另一個關鍵差異是 server tools vs client tools。Augment Code 的拆解很實用：web_search、code_execution、web_fetch、tool_search 跑在 Anthropic 雲端，你不用部署；bash、text_editor 跟你自定義工具則跑在你的 process 裡，由 SDK 自動處理 tool result 回傳。

最小可運作的 Agent SDK 呼叫（Python 範例）：

Python

from claude_agent_sdk import query, ClaudeAgentOptions

options = ClaudeAgentOptions(
    system_prompt="You are a senior backend engineer.
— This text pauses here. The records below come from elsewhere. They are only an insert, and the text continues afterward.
lemma proper_colouring_Hstar_fst:
  assumes "E \<subseteq> {{a, b} | a b. 1 \<le> a \<and> a < b \<and> b \<le> n}"
  shows "proper_colouring (Hstar_verts E) shift_adj (Suc n) fst"
proof -
  have "fst v < Suc n" if "v \<in> Hstar_verts E" for v
  proof -
    have "{fst v, snd v} \<in> E" using that by (auto simp: Hstar_verts_def)
    then obtain a b where "{fst v, snd v} = {a, b}" "a < b" "b \<le> n"
      using assms by blast
    then show ?thesis by (auto simp: doubleton_eq_iff)
  qed
  moreover have "fst u \<noteq> fst v"
    if "u \<in> Hstar_verts E" "v \<in> Hstar_verts E" "shift_adj u v" for u v
    using that by (auto simp: Hstar_verts_def shift_adj_def)
  ultimately show ?thesis by (simp add: proper_colouring_def)
qed

lemma H_colouring_of_Hstar_colouring:
  assumes c: "proper_colouring (Hstar_verts E) shift_adj k c"
  shows "\<exists>c'. proper_colouring V (H_adj E) (2 ^ k) c'"
proof -
  define out_colours where "out_colours v = {c (v, w) | w. (v, w) \<in> Hstar_verts E}" for v
  have out_colours_range: "out_colours v \<in> Pow {..<k}" for v
    using c unfolding out_colours_def proper_colouring_def by auto
  obtain f where f: "bij_betw f (Pow {..<k}) {..<2 ^ k :: nat}"
    using ex_bij_betw_finite_nat[of "Pow {..<k}"] by (auto simp: card_Pow atLeast0LessThan)
  have "out_colours u \<noteq> out_colours v" if "u < v" "{u, v} \<in> E" for u v
  proof
    assume same: "out_colours u = out_colours v"
    have uv: "(u, v) \<in> Hstar_verts E" using that unfolding Hstar_verts_def by auto
    then have "c (u, v) \<in> out_colours v" using same unfolding out_colours_def by auto
    then obtain w where "(v, w) \<in> Hstar_verts E" "c (v, w) = c (u, v)"
      unfolding out_colours_def by auto
    moreover have "shift_adj (u, v) (v, w)" unfolding shift_adj_def by simp
    ultimately show False using c uv unfolding proper_colouring_def by metis
  qed
  then have "f (out_colours u) \<noteq> f (out_colours v)" if "H_adj E u v" for u v
    using that inj_onD[OF bij_betw_imp_inj_on[OF f] _ out_colours_range out_colours_range]
    unfolding H_adj_def by (metis insert_commute linorder_neqE_nat)
  moreover have "f (out_colours v) < 2 ^ k" for v
    using bij_betwE[OF f] out_colours_range by blast
  ultimately have "proper_colouring V (H_adj E) (2 ^ k) (\<lambda>v. f (out_colours v))"
    unfolding proper_colouring_def by blast
  then show ?thesis by blast
qed

lemma chromatic_number_H_le_two_power:
  assumes "E \<subseteq> {{a, b} | a b. 1 \<le> a \<and> a < b \<and> b \<le> n}"
  shows "chromatic_number {1..n} (H_adj E) \<le> 2 ^ chromatic_number (Hstar_verts E) shift_adj"
proof -
  obtain c where "proper_colouring (Hstar_verts E) shift_adj (chromatic_number (Hstar_verts E) shift_adj) c"
    using proper_colouring_chromatic_number[OF proper_colouring_Hstar_fst[OF assms]] by blast
  then obtain c' where
    "proper_colouring {1..n} (H_adj E) (2 ^ chromatic_number (Hstar_verts E) shift_adj) c'"
    using H_colouring_of_Hstar_colouring by blast
  then show ?thesis by (rule chromatic_number_le)
qed

text \<open>The first vertex is repeated at the end, so the walk has \<open>length ws - 1\<close> edges.\<close>
definition closed_walk :: "('a \<Rightarrow> 'a \<Rightarrow> bool) \<Rightarrow> 'a list \<Rightarrow> bool" where
  "closed_walk adj ws \<longleftrightarrow> ws \<noteq> [] \<and> hd ws = last ws \<and> successively adj ws"

lemma is_cycle_butlast_closed_walk:
  assumes irrefl: "\<And>u. \<not> adj u u" and dom: "\<And>u v. adj u v \<Longrightarrow> u \<in> V"
    and walk: "closed_walk adj ws" and dist: "distinct (butlast ws)" and odd: "odd (length ws - 1)"
  shows "is_cycle V adj (butlast ws)"
proof -
  define vs where "vs = butlast ws"
  have len: "length vs = length ws - 1" unfolding vs_def by simp
  then have vs: "vs \<noteq> []" using odd by (metis odd_pos length_greater_0_conv)
  have "ws = vs @ [last ws]" using walk unfolding vs_def closed_walk_def by simp
  moreover have "last ws = vs ! 0"
    using walk vs unfolding closed_walk_def vs_def
    by (metis hd_append2 hd_conv_nth append_butlast_last_id)
  ultimately have ws: "ws = vs @ [vs ! 0]" by simp
  have step: "adj (vs ! i) (vs ! ((i + 1) mod length vs))" if "i < length vs" for i
  proof -
    have "adj (ws ! i) (ws ! Suc i)"
      using walk that ws unfolding closed_walk_def successively_conv_nth
      by (metis length_append_singleton not_less_eq)
    then show ?thesis using that ws
      by (cases "Suc i = length vs") (auto simp: nth_append)
  qed
  have "length vs \<noteq> 1" using step[of 0] irrefl vs by auto
  then have "length vs \<ge> 3" using odd len by presburger
  moreover have "set vs \<subseteq> V" using step dom by (metis in_set_conv_nth subsetI)
  ultimately show ?thesis using dist step unfolding is_cycle_def vs_def by blast
qed
(* Let $n\ge p$, $\alpha\neq-1$, $U,\widetilde U\in St(n,p)$, and let $Q\widehat N=(I_n-UU^T)\widetilde U$ be a compact QR-decomposition with $Q\in St(n,p)$, $\widehat N\in\mathbb{R}^{p\times p}$. Consider the following shooting iteration with threshold $\epsilon>0$ and time steps $0=t_0<t_1<\dots<t_m=1$: set $\gamma\leftarrow\|\widetilde U-U\|$ and $\Delta\leftarrow\gamma\,\Pi_U(\widetilde U)/\|\Pi_U(\widetilde U)\|$; while $\gamma>\epsilon$: set $\widetilde U^s(j)\leftarrow\operatorname{Exp}^\alpha_U(t_j\Delta)$ for $j=0,\dots,m$; set $\Delta^s\leftarrow\widetilde U^s(m)-\widetilde U$ and $\gamma\leftarrow\|\Delta^s\|$; for $j=m,m-1,\dots,0$ set $\Delta^s\leftarrow\gamma\,\Pi_{\widetilde U^s(j)}(\Delta^s)/\|\Pi_{\widetilde U^s(j)}(\Delta^s)\|$; then update $\Delta\leftarrow\Delta-\Delta^s$. Then every iterate $\Delta$ produced by this iteration, and every matrix $\Delta^s$ obtained at the end of one pass through the while-loop, has a representation \[ \Delta=UA+QR,\qquad \Delta^s=UA^s+QR^s,\qquad A,A^s\in\operatorname{Skew}(p),\ R,R^s\in\mathbb{R}^{p\times p}, \] with the same matrix $Q$ for all iterates.
   Context: $St(n,p)=\{U\in\mathbb{R}^{n\times p}: U^TU=I_p\}$; $\operatorname{Skew}(p)$ is the set of real skew-symmetric $p\times p$ matrices; $\|\cdot\|$ is the Frobenius norm. For $W\in\mathbb{R}^{n\times p}$ and $Y\in St(n,p)$, $\Pi_Y(W)=W-Y\operatorname{sym}(Y^TW)$ with $\operatorname{sym}(X)=\frac12(X+X^T)$ (orthogonal projection onto $T_YSt(n,p)=\{\Delta: Y^T\Delta\in\operatorname{Skew}(p)\}$). The $\alpha$-metric is $\langle\Delta,\widetilde\Delta\rangle^\alpha_U=\operatorname{tr}\big(\Delta^T(I_n-\frac{2\alpha+1}{2(\alpha+1)}UU^T)\widetilde\Delta\big)$ and $\operatorname{Exp}^\alpha_U(\Delta)$ is the endpoint at time $1$ of its geodesic starting at $U$ with initial velocity $\Delta$ (so $\operatorname{Exp}^\alpha_U(0)=U$). *)

theory Defs
  imports "HOL-Analysis.Analysis"
begin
Read the PRD, implement, test, commit.",
    allowed_tools=["Read", "Write", "Edit", "Bash", "Grep", "Glob", "Agent"],
    permission_mode="acceptEdits",  # 'ask' / 'acceptEdits' / 'bypassPermissions'
    cwd="/workspace/my-project",
)

async for message in query(
    prompt="Implement the user-export endpoint per docs/prd-user-export.md, "
           "then run pytest and commit when green.",
    options=options,
):
    print(message)

三十行不到，你就有了一個會自己讀檔、自己改檔、自己跑 bash、自己 spawn subagent 的 Agent。但這只是 Agent，還不是 harness。下一節談 harness 是什麼。

Agent harness 四大組件架構 Agent Loop Tool Context Verification

Agent harness 必備的四個組件：Loop、Tool、Context、Verification

「Harness」這個詞在 Anthropic 內部用得很頻繁。直譯是「韁繩」「挽具」——把一匹會自己跑的馬綁進可控的工作迴圈。Agent harness Agent harness 指的是把 Agent 包進生產級工作流的那層工程。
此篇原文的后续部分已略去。